Menurut Huntress, Klue memberi tahu pelanggan bahwa penyerang pertama-tama menyusupi sistem backend perusahaan dan kemudian mendorong pembaruan kode berbahaya yang mencuri token OAuth yang digunakan pelanggan untuk mengintegrasikan produk Battlecards dengan platform pihak ketiga.

Para penyerang dilaporkan menggunakan kredensial yang tidak aktif namun masih aktif yang dibuat oleh Klue untuk integrasi prototipe. Setelah mendapatkan akses ke lingkungan Klue, mereka mencuri token OAuth pelanggan dan menggunakannya untuk menanyakan lingkungan Salesforce yang terhubung secara langsung.

Klue kemudian menonaktifkan integrasi dengan Salesforce, HubSpot, SharePoint, Zoom, Gong, Chorus, Clari, Google Drive, dan Slack saat merespons insiden tersebut.

Huntress mengatakan data yang dicuri mencakup informasi terkait CRM, termasuk kontak bisnis, komunikasi penjualan, penawaran harga, laporan intelijen kompetitif, dan data akun.

Perusahaan keamanan siber mengatakan tidak ada bukti bahwa intelijen ancaman, telemetri pelanggan, kata sandi, informasi kartu pembayaran, atau sistem rekayasa telah disusupi.

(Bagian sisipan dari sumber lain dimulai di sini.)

(* Let $F\in\mathrm{GL}^+(2)$ have singular values $\lambda_1=\lambda_2=c$, and let $H\in\mathbb{R}^{2\times2}$. Define $\lambda_{\max}(t)=\lambda_{\max}(F+tH)$ and $\lambda_{\min}(t)=\lambda_{\min}(F+tH)$, the larger and smaller singular values of $F+tH$. Then the mappings $t\mapsto\lambda_{\max}(t)$ and $t\mapsto\lambda_{\min}(t)$ are both left-differentiable and right-differentiable in a neighbourhood of $t=0$, and $$\partial^-\lambda_{\max}(0)=\partial^+\lambda_{\min}(0)\leq\partial^-\lambda_{\min}(0)=\partial^+\lambda_{\max}(0).$$
   Context: $\mathrm{GL}^+(2)$ is the group of real invertible $2\times2$ matrices with positive determinant. For a real function $f$, the one-sided derivatives are $\partial^-f(t)=\lim_{h\uparrow0}\frac{f(t+h)-f(t)}{h}$ and $\partial^+f(t)=\lim_{h\downarrow0}\frac{f(t+h)-f(t)}{h}$. *)

theory Defs
  imports "HOL-Analysis.Analysis"
begin

definition singular_values :: "real^2^2 \<Rightarrow> real set" where
  "singular_values A =
     {sqrt \<mu> | \<mu>. \<exists>v::real^2. v \<noteq> 0 \<and> (transpose A ** A) *v v = \<mu> *\<^sub>R v}"

definition sv_max :: "real^2^2 \<Rightarrow> real" where
  "sv_max A = Max (singular_values A)"

definition sv_min :: "real^2^2 \<Rightarrow> real" where
  "sv_min A = Min (singular_values A)"

end

(* Identify R^2 with C.  A real 2x2 matrix then acts as z \<mapsto> \<alpha> z + \<beta> conj z, and its singular
   values are |\<alpha>| + |\<beta>| and ||\<alpha>| - |\<beta>||, while det = |\<alpha>|^2 - |\<beta>|^2.  Equal singular values
   and positive determinant force \<beta>(F) = 0, so along F + t H the singular values are
   |\<alpha>(F) + t \<alpha>(H)| \<plusminus> |t| |\<beta>(H)| as long as the determinant stays positive: a smooth
   function plus or minus a multiple of the kink |t|, whose one-sided slopes at 0 are -1 and 1. *)

theory Submission
  imports Defs
begin

lemma has_eigenvector_iff_det_eq_0:
  fixes M :: "real^'n^'n"
  shows "(\<exists>v. v \<noteq> 0 \<and> M *v v = \<mu> *\<^sub>R v) \<longleftrightarrow> det (M - \<mu> *\<^sub>R mat 1) = 0"
proof -
  have "M *v v = \<mu> *\<^sub>R v \<longleftrightarrow> (M - \<mu> *\<^sub>R mat 1) *v v = 0" for v
    by (simp add: matrix_vector_mult_diff_rdistrib flip: scaleR_matrix_vector_assoc)
  then show ?thesis
    using matrix_nonfull_linear_equations_eq[of "M - \<mu> *\<^sub>R mat 1"]
      det_eq_0_rank[of "M - \<mu> *\<^sub>R mat 1"] rank_bound[of "M - \<mu> *\<^sub>R mat 1"]
    by auto
qed

text \<open>The matrix \<open>A\<close> acts on \<open>x + i y\<close> as \<open>z \<mapsto> conformal_part A * z + anticonformal_part A * cnj z\<close>.\<close>

definition conformal_part :: "real^2^2 \<Rightarrow> complex" where
  "conformal_part A = Complex ((A$1$1 + A$2$2) / 2) ((A$2$1 - A$1$2) / 2)"

definition anticonformal_part :: "real^2^2 \<Rightarrow> complex" where
  "anticonformal_part A = Complex ((A$1$1 - A$2$2) / 2) ((A$1$2 + A$2$1) / 2)"

lemma conformal_part_add_scaleR:
  "conformal_part (A + s *\<^sub>R B) = conformal_part A + s *\<^sub>R conformal_part B"
  by (simp add: conformal_part_def complex_eq_iff field_simps)

lemma anticonformal_part_add_scaleR:
  "anticonformal_part (A + s *\<^sub>R B) = anticonformal_part A + s *\<^sub>R anticonformal_part B"
  by (simp add: anticonformal_part_def complex_eq_iff field_simps)

lemma cmod_conformal_part_sq:
  "(cmod (conformal_part A))\<^sup>2 = ((A$1$1 + A$2$2) / 2)\<^sup>2 + ((A$2$1 - A$1$2) / 2)\<^sup>2"
  by (simp add: conformal_part_def cmod_power2)

lemma cmod_anticonformal_part_sq:
  "(cmod (anticonformal_part A))\<^sup>2 = ((A$1$1 - A$2$2) / 2)\<^sup>2 + ((A$1$2 + A$2$1) / 2)\<^sup>2"
  by (simp add: anticonformal_part_def cmod_power2)

lemma det_eq_conformal_anticonformal:
  "det A = (cmod (conformal_part A))\<^sup>2 - (cmod (anticonformal_part A))\<^sup>2"
  unfolding cmod_conformal_part_sq cmod_anticonformal_part_sq det_2
  by (simp add: field_simps power2_eq_square)

lemma singular_values_eq:
  "singular_values A =
     {cmod (conformal_part A) + cmod (anticonformal_part A),
      \<bar>cmod (conformal_part A) - cmod (anticonformal_part A)\<bar>}"
proof -
  define u where "u = cmod (conformal_part A)"
  define w where "w = cmod (anticonformal_part A)"
  let ?M = "transpose A ** A"
  have M: "?M$1$1 = (A$1$1)\<^sup>2 + (A$2$1)\<^sup>2" "?M$2$2 = (A$1$2)\<^sup>2 + (A$2$2)\<^sup>2"
     "?M$1$2 = A$1$1 * A$1$2 + A$2$1 * A$2$2" "?M$2$1 = A$1$1 * A$1$2 + A$2$1 * A$2$2"
    by (simp_all add: matrix_matrix_mult_def transpose_def sum_2 power2_eq_square)
  have trace: "?M$1$1 + ?M$2$2 = 2 * (u\<^sup>2 + w\<^sup>2)"
    unfolding M u_def w_def cmod_conformal_part_sq cmod_anticonformal_part_sq
    by (simp add: field_simps power2_eq_square)
  have "det ?M = (u\<^sup>2 - w\<^sup>2)\<^sup>2"
    unfolding det_mul det_transpose u_def w_def det_eq_conformal_anticonformal[symmetric]
    by (simp add: power2_eq_square)
  then have det: "?M$1$1 * ?M$2$2 - ?M$1$2 * ?M$2$1 = (u\<^sup>2 - w\<^sup>2)\<^sup>2"
    unfolding det_2 .
  have charpoly: "det (?M - \<mu> *\<^sub>R mat 1) = (\<mu> - (u + w)\<^sup>2) * (\<mu> - (u - w)\<^sup>2)" for \<mu>
  proof -
    have "det (?M - \<mu> *\<^sub>R mat 1) = \<mu>\<^sup>2 - (?M$1$1 + ?M$2$2) * \<mu> + (?M$1$1 * ?M$2$2 - ?M$1$2 * ?M$2$1)"
      by (simp add: det_2 mat_def algebra_simps power2_eq_square)
    also have "\<dots> = (\<mu> - (u + w)\<^sup>2) * (\<mu> - (u - w)\<^sup>2)"
      unfolding trace det by (simp add: algebra_simps power2_eq_square)
    finally show ?thesis .
  qed
  have "u \<ge> 0" "w \<ge> 0"
    by (simp_all add: u_def w_def)
  have "singular_values A = sqrt ` {(u + w)\<^sup>2, (u - w)\<^sup>2}"
    unfolding singular_values_def has_eigenvector_iff_det_eq_0 charpoly mult_eq_0_iff right_minus_eq by blast
  also have "\<dots> = {u + w, \<bar>u - w\<bar>}"
    using \<open>u \<ge> 0\<close> \<open>w \<ge> 0\<close> by simp
  finally show ?thesis
    by (simp add: u_def w_def)
qed

lemma sv_max_eq: "sv_max A = cmod (conformal_part A) + cmod (anticonformal_part A)"
  unfolding sv_max_def singular_values_eq
  using norm_ge_zero[of "conformal_part A"] norm_ge_zero[of "anticonformal_part A"]
  by (simp add: max_def abs_if)

lemma sv_min_eq: "sv_min A = \<bar>cmod (conformal_part A) - cmod (anticonformal_part A)\<bar>"
  unfolding sv_min_def singular_values_eq
  using norm_ge_zero[of "conformal_part A"] norm_ge_zero[of "anticonformal_part A"]
  by (simp add: min_def abs_if)

lemma cmod_anticonformal_part_less_if_det_pos:
  assumes "det A > 0"
  shows "cmod (anticonformal_part A) < cmod (conformal_part A)"
  using assms unfolding det_eq_conformal_anticonformal
  by (simp add: power2_less_imp_less)

lemma anticonformal_part_eq_0_if_equal_sv:
  assumes "det A > 0" and "sv_max A = sv_min A"
  shows "anticonformal_part A = 0"
  using assms cmod_anticonformal_part_less_if_det_pos[OF assms(1)]
  by (simp add: sv_max_eq sv_min_eq)

lemma sv_min_eq_if_det_pos:
  assumes "det A > 0"
  shows "sv_min A = cmod (conformal_part A) - cmod (anticonformal_part A)"
  using cmod_anticonformal_part_less_if_det_pos[OF assms] by (simp add: sv_min_eq)

lemma eventually_det_pos_along_line:
  fixes F H :: "real^2^2"
  assumes "det (F + t *\<^sub>R H) > 0"
  shows "eventually (\<lambda>s. det (F + s *\<^sub>R H) > 0) (nhds t)"
proof -
  have "isCont (\<lambda>s. det (F + s *\<^sub>R H)) t"
    unfolding det_2 by (simp add: continuous_intros)
  then have "((\<lambda>s. det (F + s *\<^sub>R H)) \<longlongrightarrow> det (F + t *\<^sub>R H)) (nhds t)"
    using tendsto_at_iff_tendsto_nhds[of "\<lambda>s. det (F + s *\<^sub>R H)" t] by (simp add: isCont_def)
  from order_tendstoD(1)[OF this assms] show ?thesis .
qed

lemma abs_has_real_derivative_at_left:
  "((\<lambda>s::real. \<bar>s\<bar>) has_real_derivative (if 0 < t then 1 else -1)) (at_left t)"
proof (cases "0 < t")
  case True
  have "eventually (\<lambda>s. s = \<bar>s\<bar>) (at_left t)"
    using eventually_at_left_real[OF True] by (auto elim!: eventually_mono)
  then show ?thesis
    using True has_field_derivative_cong_eventually[of "\<lambda>s. s" abs t "{..<t}" 1] by simp
next
  case False
  have "eventually (\<lambda>s. - s = \<bar>s\<bar>) (at_left t)"
    using False unfolding eventually_at_filter by (auto intro!: always_eventually)
  moreover have "((\<lambda>s. - s) has_real_derivative -1) (at_left t)"
    by (auto intro!: derivative_eq_intros)
  ultimately show ?thesis
    using False has_field_derivative_cong_eventually[of "\<lambda>s. - s" abs t "{..<t}" "-1"] by simp
qed

lemma abs_has_real_derivative_at_right:
  "((\<lambda>s::real. \<bar>s\<bar>) has_real_derivative (if t < 0 then -1 else 1)) (at_right t)"
proof (cases "t < 0")
  case True
  have "eventually (\<lambda>s. - s = \<bar>s\<bar>) (at_right t)"
    using eventually_at_right_real[OF True] by (auto elim!: eventually_mono)
  moreover have "((\<lambda>s. - s) has_real_derivative -1) (at_right t)"
    by (auto intro!: derivative_eq_intros)
  ultimately show ?thesis
    using True has_field_derivative_cong_eventually[of "\<lambda>s. - s" abs t "{t<..}" "-1"] by simp
next
  case False
  have "eventually (\<lambda>s. s = \<bar>s\<bar>) (at_right t)"
    using False unfolding eventually_at_filter by (auto intro!: always_eventually)
  then show ?thesis
    using False has_field_derivative_cong_eventually[of "\<lambda>s. s" abs t "{t<..}" 1] by simp
qed

lemma sv_along_line_has_derivative:
  fixes F H :: "real^2^2"
  assumes conformal: "anticonformal_part F = 0"
    and det_pos: "det (F + t *\<^sub>R H) > 0"
    and abs_deriv: "((\<lambda>s. \<bar>s\<bar>) has_real_derivative d) (at t within S)"
  shows "((\<lambda>s. sv_max (F + s *\<^sub>R H)) has_real_derivative
           conformal_part H \<bullet> sgn (conformal_part (F + t *\<^sub>R H))
             + cmod (anticonformal_part H) * d) (at t within S)"
    and "((\<lambda>s. sv_min (F + s *\<^sub>R H)) has_real_derivative
           conformal_part H \<bullet> sgn (conformal_part (F + t *\<^sub>R H))
             - cmod (anticonformal_part H) * d) (at t within S)"
proof -
  define z where "z s = conformal_part F + s *\<^sub>R conformal_part H" for s
  define r where "r = cmod (anticonformal_part H)"
  have anticonformal: "cmod (anticonformal_part (F + s *\<^sub>R H)) = r * \<bar>s\<bar>" for s
    by (simp add: anticonformal_part_add_scaleR conformal r_def)
  have conformal_z: "conformal_part (F + s *\<^sub>R H) = z s" for s
    by (simp add: conformal_part_add_scaleR z_def)
  have "z t \<noteq> 0"
    using cmod_anticonformal_part_less_if_det_pos[OF det_pos] by (auto simp: conformal_z)
  have "(z has_derivative (\<lambda>h. h *\<^sub>R conformal_part H)) (at t within S)"
    unfolding z_def by (auto intro!: derivative_eq_intros)
  from has_derivative_compose[OF this has_derivative_norm[OF \<open>z t \<noteq> 0\<close>]]
  have "((\<lambda>s. cmod (z s)) has_derivative (\<lambda>h. (h *\<^sub>R conformal_part H) \<bullet> sgn (z t))) (at t within S)" .
  then have cmod_z: "((\<lambda>s. cmod (z s)) has_real_derivative conformal_part H \<bullet> sgn (z t)) (at t within S)"
    by (simp add: has_field_derivative_def mult_commute_abs)
  have "sv_max (F + s *\<^sub>R H) = cmod (z s) + r * \<bar>s\<bar>" for s
    by (simp add: sv_max_eq anticonformal conformal_z)
  then show "((\<lambda>s. sv_max (F + s *\<^sub>R H)) has_real_derivative
           conformal_part H \<bullet> sgn (conformal_part (F + t *\<^sub>R H))
             + cmod (anticonformal_part H) * d) (at t within S)"
    unfolding conformal_z r_def[symmetric] by (auto intro!: DERIV_add DERIV_cmult cmod_z abs_deriv)
  have sv_min_near: "sv_min (F + s *\<^sub>R H) = cmod (z s) - r * \<bar>s\<bar>"
    if "det (F + s *\<^sub>R H) > 0" for s
    using sv_min_eq_if_det_pos[OF that] by (simp add: anticonformal conformal_z)
  have ev: "eventually (\<lambda>s. cmod (z s) - r * \<bar>s\<bar> = sv_min (F + s *\<^sub>R H)) (at t within S)"
    using eventually_det_pos_along_line[OF det_pos]
    unfolding eventually_at_filter by (auto elim!: eventually_mono simp: sv_min_near)
  have deriv: "((\<lambda>s. cmod (z s) - r * \<bar>s\<bar>) has_real_derivative
                   conformal_part H \<bullet> sgn (z t) - r * d) (at t within S)"
    by (intro DERIV_diff DERIV_cmult cmod_z abs_deriv)
  show "((\<lambda>s. sv_min (F + s *\<^sub>R H)) has_real_derivative
           conformal_part H \<bullet> sgn (conformal_part (F + t *\<^sub>R H))
             - cmod (anticonformal_part H) * d) (at t within S)"
    using deriv has_field_derivative_cong_eventually[OF ev] sv_min_near[OF det_pos]
    unfolding conformal_z r_def[symmetric] by simp
qed

theorem lemma3p8:
  fixes F H :: "real^2^2" and c :: real
  assumes "det F > 0"
    and "sv_max F = c" and "sv_min F = c"
  shows "(\<exists>\<epsilon>>0. \<forall>t. \<bar>t\<bar> < \<epsilon> \<longrightarrow>
            (\<exists>D. ((\<lambda>s. sv_max (F + s *\<^sub>R H)) has_real_derivative D) (at_left t)) \<and>
            (\<exists>D. ((\<lambda>s. sv_max (F + s *\<^sub>R H)) has_real_derivative D) (at_right t)) \<and>
            (\<exists>D. ((\<lambda>s. sv_min (F + s *\<^sub>R H)) has_real_derivative D) (at_left t)) \<and>
            (\<exists>D. ((\<lambda>s. sv_min (F + s *\<^sub>R H)) has_real_derivative D) (at_right t)))
      \<and> (\<exists>a b. ((\<lambda>s. sv_max (F + s *\<^sub>R H)) has_real_derivative a) (at_left 0) \<and>
               ((\<lambda>s. sv_min (F + s *\<^sub>R H)) has_real_derivative a) (at_right 0) \<and>
               ((\<lambda>s. sv_min (F + s *\<^sub>R H)) has_real_derivative b) (at_left 0) \<and>
               ((\<lambda>s. sv_max (F + s *\<^sub>R H)) has_real_derivative b) (at_right 0) \<and>
               a \<le> b)"
proof -
  let ?D = "conformal_part H \<bullet> sgn (conformal_part F)"
  let ?r = "cmod (anticonformal_part H)"
  have conformal: "anticonformal_part F = 0"
    using assms by (intro anticonformal_part_eq_0_if_equal_sv) simp_all
  obtain \<epsilon> where "\<epsilon> > 0" and det_pos: "\<And>t. \<bar>t\<bar> < \<epsilon> \<Longrightarrow> det (F + t *\<^sub>R H) > 0"
    using eventually_det_pos_along_line[of F 0 H] assms(1)
    by (auto simp: eventually_nhds_metric dist_real_def)
  note derivs = sv_along_line_has_derivative[OF conformal det_pos]
  have "\<bar>0::real\<bar> < \<epsilon>"
    using \<open>\<epsilon> > 0\<close> by simp
  note at_0 = derivs[OF this abs_has_real_derivative_at_left]
    derivs[OF this abs_has_real_derivative_at_right]
  show ?thesis (is "?near_0 \<and> ?at_0")
  proof
    show ?near_0
      using \<open>\<epsilon> > 0\<close> derivs[OF _ abs_has_real_derivative_at_left]
        derivs[OF _ abs_has_real_derivative_at_right] by blast
    show ?at_0
      using at_0 by (intro exI[of _ "?D - ?r"] exI[of _ "?D + ?r"]) simp
  qed
qed

end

Baik ReliaQuest dan Huntress berbagi alamat IP yang terkait dengan serangan tersebut, yang tercantum di bawah ini:

  138.226.246.94  212.86.125.24  213.111.148.90  94.154.32.160

Organisasi yang menggunakan integrasi Klue disarankan untuk meninjau Salesforce dan log SaaS terkait untuk aktivitas yang berasal dari alamat ini, mencabut dan merotasi token OAuth, menghentikan sesi aktif, dan meninjau log Salesforce untuk aktivitas API yang tidak biasa.